Libraries for Distributed Computing
-----------------------------------

* **CUDA**

  NVIDIA’s GPU-computing platform and runtime for C, C++, and Python kernels.

* **gRPC**

  High-performance RPC framework using HTTP/2 and Protocol Buffers for language-agnostic services.

* **Kubernetes**

  Cluster-orchestration system for scheduling and managing containerized applications.

  * **helm**

    Package manager that deploys and upgrades Kubernetes applications via declarative charts.

  * **pod**

    Smallest deployable Kubernetes object, grouping one or more tightly coupled containers.

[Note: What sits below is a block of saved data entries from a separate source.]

definition is_cycle_in :: "nat set set \<Rightarrow> nat \<Rightarrow> nat list \<Rightarrow> bool" where
  "is_cycle_in H l vs \<longleftrightarrow> length vs = l \<and> distinct vs \<and>
     (\<forall>i<l. {vs ! i, vs ! ((i + 1) mod l)} \<in> H)"

definition has_disjoint_cycles :: "nat set set \<Rightarrow> nat \<Rightarrow> nat \<Rightarrow> bool" where
  "has_disjoint_cycles H l k \<longleftrightarrow>
     (\<exists>cs :: nat \<Rightarrow> nat list. (\<forall>i<k. is_cycle_in H l (cs i)) \<and>
        (\<forall>i<k. \<forall>j<k. i \<noteq> j \<longrightarrow> set (cs i) \<inter> set (cs j) = {}))"

end

theory Submission
  imports Defs
begin

(* For W a set of vertices, call {v, z} a closing pair of W if G[W] has a path on l - 1 vertices
   starting at v whose last vertex is adjacent to some z in W off the path; a random edge on a
   closing pair then completes a copy of C_l inside W.  Repeatedly deleting a vertex of minimum
   degree shows that W has at least e(G[W])/2 - l|W|/2 closing pairs, and the degree bounds turn
   this into at least nm/8 closing pairs whenever W misses at most lm vertices.  If the random
   graph meets the closing pairs of every such W, the m disjoint cycles can be picked greedily,
   each one avoiding the vertices already used.  A union bound over the at most (lm+1) n^(lm)
   sets of used vertices, each of which is avoided with probability at most
   (1-p)^(nm/8) <= n^(-(l+2)m) when p >= 8(l+2) ln n / n, shows that this fails with
   probability O(1/n). *)

definition neighbours :: "'a set set \<Rightarrow> 'a \<Rightarrow> 'a set" where
  "neighbours G v = {u. {v, u} \<in> G}"

lemma degree_eq_card_neighbours: "degree G u = card (neighbours G u)"
  by (simp add: degree_def neighbours_def)

lemma neighbours_sym: "u \<in> neighbours G v \<longleftrightarrow> v \<in> neighbours G u"
  by (auto simp: neighbours_def insert_commute)

lemma is_graph_on_neighbours_subset:
  assumes "is_graph_on n G" shows "neighbours G u \<subseteq> {..<n}"
proof
  fix v assume "v \<in> neighbours G u"
  then have "{u, v} \<in> all_pairs n"
    using assms by (auto simp: neighbours_def is_graph_on_def)
  then obtain a b where "{u, v} = {a, b}" "a < n" "b < n"
    by (auto simp: all_pairs_def)
  then show "v \<in> {..<n}"
    by (auto simp: doubleton_eq_iff)
qed

lemma is_graph_on_loop_free:
  assumes "is_graph_on n G" shows "{v} \<notin> G"
proof
  assume "{v} \<in> G"
  then obtain a b where "{v} = {a, b}" "a \<noteq> b"
    using assms by (auto simp: is_graph_on_def all_pairs_def)
  then show False
    by auto
qed

definition closing_vertices :: "'a set set \<Rightarrow> nat \<Rightarrow> 'a set \<Rightarrow> 'a \<Rightarrow> 'a set" where
  "closing_vertices G l W v = {z. \<exists>ys. length ys = l - 1 \<and> ys \<noteq> [] \<and> hd ys = v \<and> distinct ys \<and>
      set ys \<subseteq> W \<and> successively (\<lambda>x y. {x, y} \<in> G) ys \<and>
      z \<in> W - set ys \<and> {last ys, z} \<in> G}"

definition closing_pairs :: "'a set set \<Rightarrow> nat \<Rightarrow> 'a set \<Rightarrow> 'a set set" where
  "closing_pairs G l W = {{v, z} | v z. v \<in> W \<and> z \<in> closing_vertices G l W v}"

lemma closing_vertices_subset: "closing_vertices G l W v \<subseteq> W - {v}"
  unfolding closing_vertices_def by (auto dest: hd_in_set)

lemma finite_closing_vertices: "finite W \<Longrightarrow> finite (closing_vertices G l W v)"
  using closing_vertices_subset by (rule finite_subset) simp

lemma closing_vertices_mono: "W' \<subseteq> W \<Longrightarrow> closing_vertices G l W' v \<subseteq> closing_vertices G l W v"
  unfolding closing_vertices_def by blast

section \<open>Cycles from closing pairs\<close>

lemma is_cycle_in_if_successively:
  assumes "successively (\<lambda>x y. {x, y} \<in> H) c" "distinct c" "{last c, hd c} \<in> H"
  shows "is_cycle_in H (length c) c"
  unfolding is_cycle_in_def
proof (intro conjI allI impI refl assms(2))
  fix i assume i: "i < length c"
  show "{c ! i, c ! ((i + 1) mod length c)} \<in> H"
  proof (cases "Suc i < length c")
    case True
    then show ?thesis using assms(1) by (simp add: successively_conv_nth)
  next
    case False
    then have "i = length c - 1" "Suc i = length c" "c \<noteq> []" using i by auto
    then have "c ! i = last c" "c ! ((i + 1) mod length c) = hd c"
      by (simp_all add: last_conv_nth hd_conv_nth)
    then show ?thesis using assms(3) by simp
  qed
qed
lemma sigma_c_eq_nn_integral:
  assumes "m1 > 0" and "th1 > 0"
  shows "sigma_c m1 u1 th1 v
    = enn2real (\<integral>\<^sup>+ n. \<integral>\<^sup>+ w. ennreal (\<bar>(v - w) \<bullet> n\<bar> * M1 m1 u1 th1 w) \<partial>lborel \<partial>sphere_measure)"
proof -
  have [measurable]: "(\<lambda>p. \<bar>(v - fst p) \<bullet> snd p\<bar> * M1 m1 u1 th1 (fst p)) \<in> borel_measurable (borel \<Otimes>\<^sub>M borel)"
    unfolding M1_def by measurable
  have "sigma_c m1 u1 th1 v = enn2real (\<integral>\<^sup>+ p. ennreal (\<bar>(v - fst p) \<bullet> snd p\<bar> * M1 m1 u1 th1 (fst p)) \<partial>coll_measure)"
    unfolding sigma_c_def using M1_pos[OF assms]
    by (intro integral_eq_nn_integral measurable_coll_measure AE_I2) (simp_all add: less_imp_le)
  then show ?thesis
    by (subst (asm) nn_integral_coll_measure) simp_all
qed

lemma sigma_c_le:
  assumes m1: "m1 > 0" and th1: "th1 > 0"
  shows "sigma_c m1 u1 th1 v \<le> measure sphere_measure UNIV *
           (norm v * (\<integral>w. M1 m1 u1 th1 w \<partial>lborel) + (\<integral>w. norm w * M1 m1 u1 th1 w \<partial>lborel))"
proof -
  define f where "f = M1 m1 u1 th1"
  define I where "I = norm v * (\<integral>w. f w \<partial>lborel) + (\<integral>w. norm w * f w \<partial>lborel)"
  have f_pos: "f w > 0" for w
    unfolding f_def by (rule M1_pos[OF m1 th1])
  have f: "integrable lborel f" "integrable lborel (\<lambda>w. norm w * f w)"
    unfolding f_def M1_def using m1 th1 by (rule integrable_Maxw, rule integrable_norm_Maxw)
  have I_nonneg: "I \<ge> 0"
    unfolding I_def using f_pos
    by (intro add_nonneg_nonneg mult_nonneg_nonneg integral_nonneg_AE AE_I2) (auto simp: less_imp_le)
  have I_eq: "(\<integral>\<^sup>+ w. ennreal (norm v * f w + norm w * f w) \<partial>lborel) = ennreal I"
    unfolding I_def using f f_pos
    by (subst nn_integral_eq_integral) (auto simp: less_imp_le)
  have "(\<integral>\<^sup>+ n. \<integral>\<^sup>+ w. ennreal (\<bar>(v - w) \<bullet> n\<bar> * f w) \<partial>lborel \<partial>sphere_measure) \<le> (\<integral>\<^sup>+ n. ennreal I \<partial>sphere_measure)"
    using AE_sphere_measure_unit
  proof (rule nn_integral_mono_AE[OF eventually_mono])
    fix n :: vec3
    assume n: "norm n = 1 \<or> n = 0"
    show "(\<integral>\<^sup>+ w. ennreal (\<bar>(v - w) \<bullet> n\<bar> * f w) \<partial>lborel) \<le> ennreal I"
      unfolding I_eq[symmetric]
    proof (rule nn_integral_mono)
      fix w
      have "\<bar>(v - w) \<bullet> n\<bar> \<le> norm (v - w) * norm n"
        by (rule Cauchy_Schwarz_ineq2)
      also have "\<dots> \<le> norm v + norm w"
        using n norm_triangle_ineq4[of v w] by auto
      finally show "ennreal (\<bar>(v - w) \<bullet> n\<bar> * f w) \<le> ennreal (norm v * f w + norm w * f w)"
        using f_pos[of w] by (intro ennreal_leI) (simp add: mult_right_mono flip: distrib_right)
    qed
  qed
  also have "\<dots> = ennreal (measure sphere_measure UNIV * I)"
    using I_nonneg by (simp add: sphere_measure.emeasure_eq_measure ennreal_mult mult.commute)
  finally show ?thesis
    using enn2real_mono I_nonneg unfolding sigma_c_eq_nn_integral[OF m1 th1] I_def f_def
    by fastforce
qed

section \<open>The Maxwellian \<open>Meq\<close> is an equilibrium\<close>

locale inelastic_parameters =
  fixes m m1 eps th1 :: real
  assumes m_pos: "m > 0" and m1_pos: "m1 > 0" and eps_pos: "0 < eps" and eps_less_1: "eps < 1"
    and th1_pos: "th1 > 0"
begin

lemma alpha_c_pos: "0 < alpha_c m m1" and alpha_c_less_1: "alpha_c m m1 < 1"
  using m_pos m1_pos by (auto simp: alpha_c_def)

lemma gamma_c_eq: "gamma_c m m1 eps = alpha_c m m1 * (1 + eps) / (2 * eps)"
  and gammabar_c_eq: "gammabar_c m m1 eps = (1 - alpha_c m m1) * (1 + eps) / (2 * eps)"
  by (simp_all add: gamma_c_def gammabar_c_def beta_c_def field_simps)

lemma two_minus_alpha_c_pos: "2 - alpha_c m m1 * (1 + eps) > 0"
proof -
  have "alpha_c m m1 * (1 + eps) < 1 * 2"
    using alpha_c_pos alpha_c_less_1 eps_pos eps_less_1 by (intro mult_strict_mono) auto
  then show ?thesis
    by simp
qed

lemma theta_sharp_eq:
  "theta_sharp m m1 eps th1 = (1 - alpha_c m m1) * (1 + eps) / (2 - alpha_c m m1 * (1 + eps)) * th1"
  unfolding theta_sharp_def beta_c_def using two_minus_alpha_c_pos by (simp add: field_simps)

lemma theta_sharp_pos: "theta_sharp m m1 eps th1 > 0"
  unfolding theta_sharp_eq using alpha_c_less_1 eps_pos th1_pos two_minus_alpha_c_pos by simp

lemma energy_balance:
  "m / theta_sharp m m1 eps th1 * (alpha_c m m1 * (1 + eps)) = m1 / th1 * (2 - alpha_c m m1 * (1 + eps))"
proof -
  define A where "A = alpha_c m m1"
  define D where "D = 2 - A * (1 + eps)"
  have nonzero: "1 - A \<noteq> 0" "1 + eps \<noteq> 0" "D \<noteq> 0" "th1 \<noteq> 0"
    using alpha_c_less_1 eps_pos th1_pos two_minus_alpha_c_pos by (auto simp: A_def D_def)
  have cancel: "m / (B * E / D * t) * (A * E) = (m * A) * D / (B * t)"
    if "B \<noteq> 0" "E \<noteq> 0" "D \<noteq> 0" "t \<noteq> 0" for A B D E t :: real
    using that by (simp add: field_simps)
  have "m / ((1 - A) * (1 + eps) / D * th1) * (A * (1 + eps)) = (m * A) * D / ((1 - A) * th1)"
    using nonzero by (rule cancel)
  also have "m * A = m1 * (1 - A)"
    using m_pos m1_pos by (simp add: A_def alpha_c_def field_simps)
  finally show ?thesis
    unfolding theta_sharp_eq A_def[symmetric] D_def[symmetric] using nonzero by simp
qed

lemma Meq_pos: "Meq m m1 eps u1 th1 v > 0"
  unfolding Meq_def using m_pos theta_sharp_pos by (rule Maxw_pos)

text \<open>After the shear of \<open>nn_integral_lborel_shear\<close> with \<open>e = eps\<close>, the inelastic collision
  becomes the energy exchange of \<open>Maxw_mult_collision_invariant\<close> with \<open>c = alpha (1 + eps)\<close>.\<close>
lemma gain_integrand_Meq_shear:
  assumes n: "norm n = 1" and W: "W = w + ((1 - eps) * ((v - w) \<bullet> n)) *\<^sub>R n"
  shows "\<bar>(v - W) \<bullet> n\<bar> * Meq m m1 eps u1 th1 (vstar m m1 eps v W n) * M1 m1 u1 th1 (wstar m m1 eps v W n)
       = eps * (Meq m m1 eps u1 th1 v * (\<bar>(v - w) \<bullet> n\<bar> * M1 m1 u1 th1 w))"
proof -
  define A where "A = alpha_c m m1"
  define s where "s = (v - w) \<bullet> n"
  have "n \<bullet> n = 1"
    using n by (simp add: power2_norm_eq_inner[symmetric])
  then have normal: "(v - W) \<bullet> n = eps * s"
    unfolding W s_def by (simp add: algebra_simps)
  have "2 * gamma_c m m1 eps * (eps * s) = A * (1 + eps) * s"
    unfolding gamma_c_eq A_def using eps_pos by (simp add: field_simps)
  then have vstar: "vstar m m1 eps v W n = v - (A * (1 + eps) * s) *\<^sub>R n"
    unfolding vstar_def normal by simp
  have "wstar m m1 eps v W n = w + ((1 - eps) * s + 2 * gammabar_c m m1 eps * (eps * s)) *\<^sub>R n"
    unfolding wstar_def normal by (simp add: W s_def scaleR_add_left)
  also have "(1 - eps) * s + 2 * gammabar_c m m1 eps * (eps * s) = (2 - A * (1 + eps)) * s"
    unfolding gammabar_c_eq A_def using eps_pos by (simp add: field_simps)
  finally have wstar: "wstar m m1 eps v W n = w + ((2 - A * (1 + eps)) * s) *\<^sub>R n" .
  have "Meq m m1 eps u1 th1 (vstar m m1 eps v W n) * M1 m1 u1 th1 (wstar m m1 eps v W n)
      = Meq m m1 eps u1 th1 v * M1 m1 u1 th1 w"
    unfolding vstar wstar Meq_def M1_def A_def s_def
    using m_pos m1_pos theta_sharp_pos th1_pos n energy_balance
    by (rule Maxw_mult_collision_invariant) simp
  then show ?thesis
    unfolding normal s_def using eps_pos by (simp add: abs_mult ac_simps)
qed

lemma nn_integral_gain_Meq:
  assumes n: "norm n = 1"
  shows "(\<integral>\<^sup>+ w. ennreal (\<bar>(v - w) \<bullet> n\<bar> * Meq m m1 eps u1 th1 (vstar m m1 eps v w n)
                          * M1 m1 u1 th1 (wstar m m1 eps v w n)) \<partial>lborel)
       = ennreal (eps^2) * (\<integral>\<^sup>+ w. ennreal (Meq m m1 eps u1 th1 v * (\<bar>(v - w) \<bullet> n\<bar> * M1 m1 u1 th1 w)) \<partial>lborel)"
    (is "(\<integral>\<^sup>+ w. ennreal (?gain w) \<partial>lborel) = _ * (\<integral>\<^sup>+ w. ennreal (?loss w) \<partial>lborel)")
proof -
  have [measurable]: "(\<lambda>w. ennreal (?gain w)) \<in> borel_measurable borel"
    unfolding Meq_def M1_def vstar_def wstar_def by measurable
  have [measurable]: "(\<lambda>w. ennreal (?loss w)) \<in> borel_measurable borel"
    unfolding Meq_def M1_def by measurable
  have shear: "ennreal (?gain (w + ((1 - eps) * ((v - w) \<bullet> n)) *\<^sub>R n)) = ennreal eps * ennreal (?loss w)" for w
    unfolding gain_integrand_Meq_shear[OF n refl]
    using eps_pos Meq_pos M1_pos[OF m1_pos th1_pos] by (simp add: ennreal_mult less_imp_le)
  have "(\<integral>\<^sup>+ w. ennreal (?gain w) \<partial>lborel)
      = ennreal eps * (\<integral>\<^sup>+ w. ennreal (?gain (w + ((1 - eps) * ((v - w) \<bullet> n)) *\<^sub>R n)) \<partial>lborel)"
    by (rule nn_integral_lborel_shear[OF n eps_pos]) measurable
  also have "\<dots> = ennreal eps * (ennreal eps * (\<integral>\<^sup>+ w. ennreal (?loss w) \<partial>lborel))"
    unfolding shear by (simp add: nn_integral_cmult)
  also have "\<dots> = ennreal (eps^2) * (\<integral>\<^sup>+ w. ennreal (?loss w) \<partial>lborel)"
    using eps_pos by (simp add: ennreal_mult power2_eq_square mult.assoc)
  finally show ?thesis .
qed

lemma Qplus_Meq: "Qplus m m1 eps u1 th1 (Meq m m1 eps u1 th1) v = sigma_c m1 u1 th1 v * Meq m m1 eps u1 th1 v"
proof -
  define gain where "gain = (\<lambda>p::vec3 \<times> vec3. \<bar>(v - fst p) \<bullet> snd p\<bar>
      * Meq m m1 eps u1 th1 (vstar m m1 eps v (fst p) (snd p)) * M1 m1 u1 th1 (wstar m m1 eps v (fst p) (snd p)))"
  define loss where "loss = (\<lambda>p::vec3 \<times> vec3. Meq m m1 eps u1 th1 v * (\<bar>(v - fst p) \<bullet> snd p\<bar> * M1 m1 u1 th1 (fst p)))"
  have nonneg: "gain p \<ge> 0" "loss p \<ge> 0" for p
    unfolding gain_def loss_def using Meq_pos M1_pos[OF m1_pos th1_pos] by (simp_all add: less_imp_le)
  have [measurable]: "gain \<in> borel_measurable (borel \<Otimes>\<^sub>M borel)"
    unfolding gain_def Meq_def M1_def vstar_def wstar_def by measurable
  have [measurable]: "loss \<in> borel_measurable (borel \<Otimes>\<^sub>M borel)"
    unfolding loss_def Meq_def M1_def by measurable
  have "(\<integral>\<^sup>+ p. ennreal (gain p) \<partial>coll_measure) = (\<integral>\<^sup>+ n. \<integral>\<^sup>+ w. ennreal (gain (w, n)) \<partial>lborel \<partial>sphere_measure)"
    by (rule nn_integral_coll_measure) measurable
  also have "\<dots> = (\<integral>\<^sup>+ n. ennreal (eps^2) * (\<integral>\<^sup>+ w. ennreal (loss (w, n)) \<partial>lborel) \<partial>sphere_measure)"
    using AE_sphere_measure_unit
  proof (rule nn_integral_cong_AE[OF eventually_mono])
    fix n :: vec3
    assume "norm n = 1 \<or> n = 0"
    then show "(\<integral>\<^sup>+ w. ennreal (gain (w, n)) \<partial>lborel) = ennreal (eps^2) * (\<integral>\<^sup>+ w. ennreal (loss (w, n)) \<partial>lborel)"
      unfolding gain_def loss_def using nn_integral_gain_Meq by auto
  qed
  also have "\<dots> = ennreal (eps^2) * (\<integral>\<^sup>+ p. ennreal (loss p) \<partial>coll_measure)"
    by (simp add: nn_integral_cmult nn_integral_coll_measure)
  finally have gain_eq: "(\<integral>\<^sup>+ p. ennreal (gain p) \<partial>coll_measure) = ennreal (eps^2) * (\<integral>\<^sup>+ p. ennreal (loss p) \<partial>coll_measure)" .
  have integral_eq: "integral\<^sup>L coll_measure f = enn2real (\<integral>\<^sup>+ p. ennreal (f p) \<partial>coll_measure)"
    if "f \<in> borel_measurable (borel \<Otimes>\<^sub>M borel)" "\<And>p. f p \<ge> 0" for f
    using that by (intro integral_eq_nn_integral AE_I2 measurable_coll_measure)
  have "Qplus m m1 eps u1 th1 (Meq m m1 eps u1 th1) v = eps powr (-2) * integral\<^sup>L coll_measure gain"
    unfolding Qplus_def gain_def ..
  also have "\<dots> = eps powr (-2) * eps^2 * integral\<^sup>L coll_measure loss"
    using eps_pos nonneg by (simp add: integral_eq gain_eq enn2real_mult)
  also have "eps powr (-2) * eps^2 = 1"
    using eps_pos by (simp add: powr_minus)
  also have "integral\<^sup>L coll_measure loss = Meq m m1 eps u1 th1 v * sigma_c m1 u1 th1 v"
    unfolding loss_def sigma_c_def by (rule integral_mult_right_zero)
  finally show ?thesis
    by (simp add: mult.commute)
qed

lemma integrable_moment_Meq: "integrable lborel (\<lambda>v. (1 + norm v) * Meq m m1 eps u1 th1 v)"
  unfolding Meq_def using m_pos theta_sharp_pos by (rule integrable_Maxw_moment)

lemma integrable_Meq: "integrable lborel (Meq m m1 eps u1 th1)"
  unfolding Meq_def using m_pos theta_sharp_pos by (rule integrable_Maxw)

lemma integrable_sigma_Meq: "integrable lborel (\<lambda>v. sigma_c m1 u1 th1 v * Meq m m1 eps u1 th1 v)"
proof (rule Bochner_Integration.integrable_bound)
  define S where "S = measure sphere_measure UNIV"
  define I0 where "I0 = (\<integral>w. M1 m1 u1 th1 w \<partial>lborel)"
  define I1 where "I1 = (\<integral>w. norm w * M1 m1 u1 th1 w \<partial>lborel)"
  have nonneg: "S \<ge> 0" "I0 \<ge> 0" "I1 \<ge> 0"
    unfolding S_def I0_def I1_def using M1_pos[OF m1_pos th1_pos]
    by (auto intro!: integral_nonneg_AE simp: less_imp_le)
  show "integrable lborel (\<lambda>v. (S * (I0 + I1)) * ((1 + norm v) * Meq m m1 eps u1 th1 v))"
    using integrable_moment_Meq by (rule integrable_mult_right)
  show "(\<lambda>v. sigma_c m1 u1 th1 v * Meq m m1 eps u1 th1 v) \<in> borel_measurable lborel"
    unfolding Meq_def by measurable
  show "AE v in lborel. norm (sigma_c m1 u1 th1 v * Meq m m1 eps u1 th1 v)
      \<le> norm ((S * (I0 + I1)) * ((1 + norm v) * Meq m m1 eps u1 th1 v))"
  proof (rule AE_I2)
    fix v :: vec3
    have "sigma_c m1 u1 th1 v \<le> S * (norm v * I0 + I1)"
      unfolding S_def I0_def I1_def using m1_pos th1_pos by (rule sigma_c_le)
    also have "\<dots> \<le> S * ((I0 + I1) * (1 + norm v))"
      using nonneg by (intro mult_left_mono) (auto simp: algebra_simps)
    also have "\<dots> = S * (I0 + I1) * (1 + norm v)"
      by simp
    finally show "norm (sigma_c m1 u1 th1 v * Meq m m1 eps u1 th1 v)
        \<le> norm ((S * (I0 + I1)) * ((1 + norm v) * Meq m m1 eps u1 th1 v))"
      using sigma_c_nonneg[OF m1_pos th1_pos] Meq_pos[of u1 v] nonneg
      by (simp add: abs_mult mult_right_mono less_imp_le)
  qed
qed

* **MPI (Message Passing Interface)**

  Family of libraries implementing the Message Passing Interface standard for distributed communication.
  Used for point-to-point and collective operations in distributed applications.

  * **MPI**

    The MPI specification defining point-to-point and collective semantics for parallel programs.

  * **OpenMPI**

    Popular open-source, production-grade implementation of the MPI standard.

* **NCCL**
  
  NVIDIA Collective Communications Library optimized for intra- and inter-node GPU collectives.

* **OpenMP**
  
  Compiler-directive API for shared-memory parallelism on multicore CPUs.

* **RCCL**
  
  AMD’s Radeon Collective Communications Library, drop-in compatible with NCCL for AMD GPUs.

* **ROCm**

  AMD’s open-source GPU-computing stack analogous to CUDA.

* **Singularity**
  
  Container runtime tailored to HPC that runs unprivileged, reproducible images (similar to Docker).

* **SLURM**
  
  Open-source workload manager that queues jobs and allocates nodes on HPC systems.


Libraries for ML
----------------

* **DDP**

  PyTorch’s DistributedDataParallel wrapper enabling synchronous data-parallel training across ranks.

* **DeepSpeed**

  Microsoft library that extends PyTorch with memory-efficient optimizers, ZeRO sharding, and kernel fusions.

  * **shard**

    A slice of parameters or optimizer states stored on a specific rank in ZeRO.

  * **ZeRO**

    Optimization algorithm that partitions optimizer states, gradients, and parameters to fit massive models.

* **Horovod**

  Framework providing MPI/NCCL-backed data-parallel training APIs across major DL frameworks.

* **Ray**

  Distributed execution framework offering HPO and task, actor, and object store abstractions for Python.

  * **placement group**

    Ray construct for requesting a set of resources that are grouped or located together on the same machine or nearby.

  * **KubeRay**

    Kubernetes operator that provisions and manages Ray clusters as native resources.

  * **Ray Tune**

    Ray’s HPO library that supports distributed trials and advanced search and HPO-scheduling algorithms.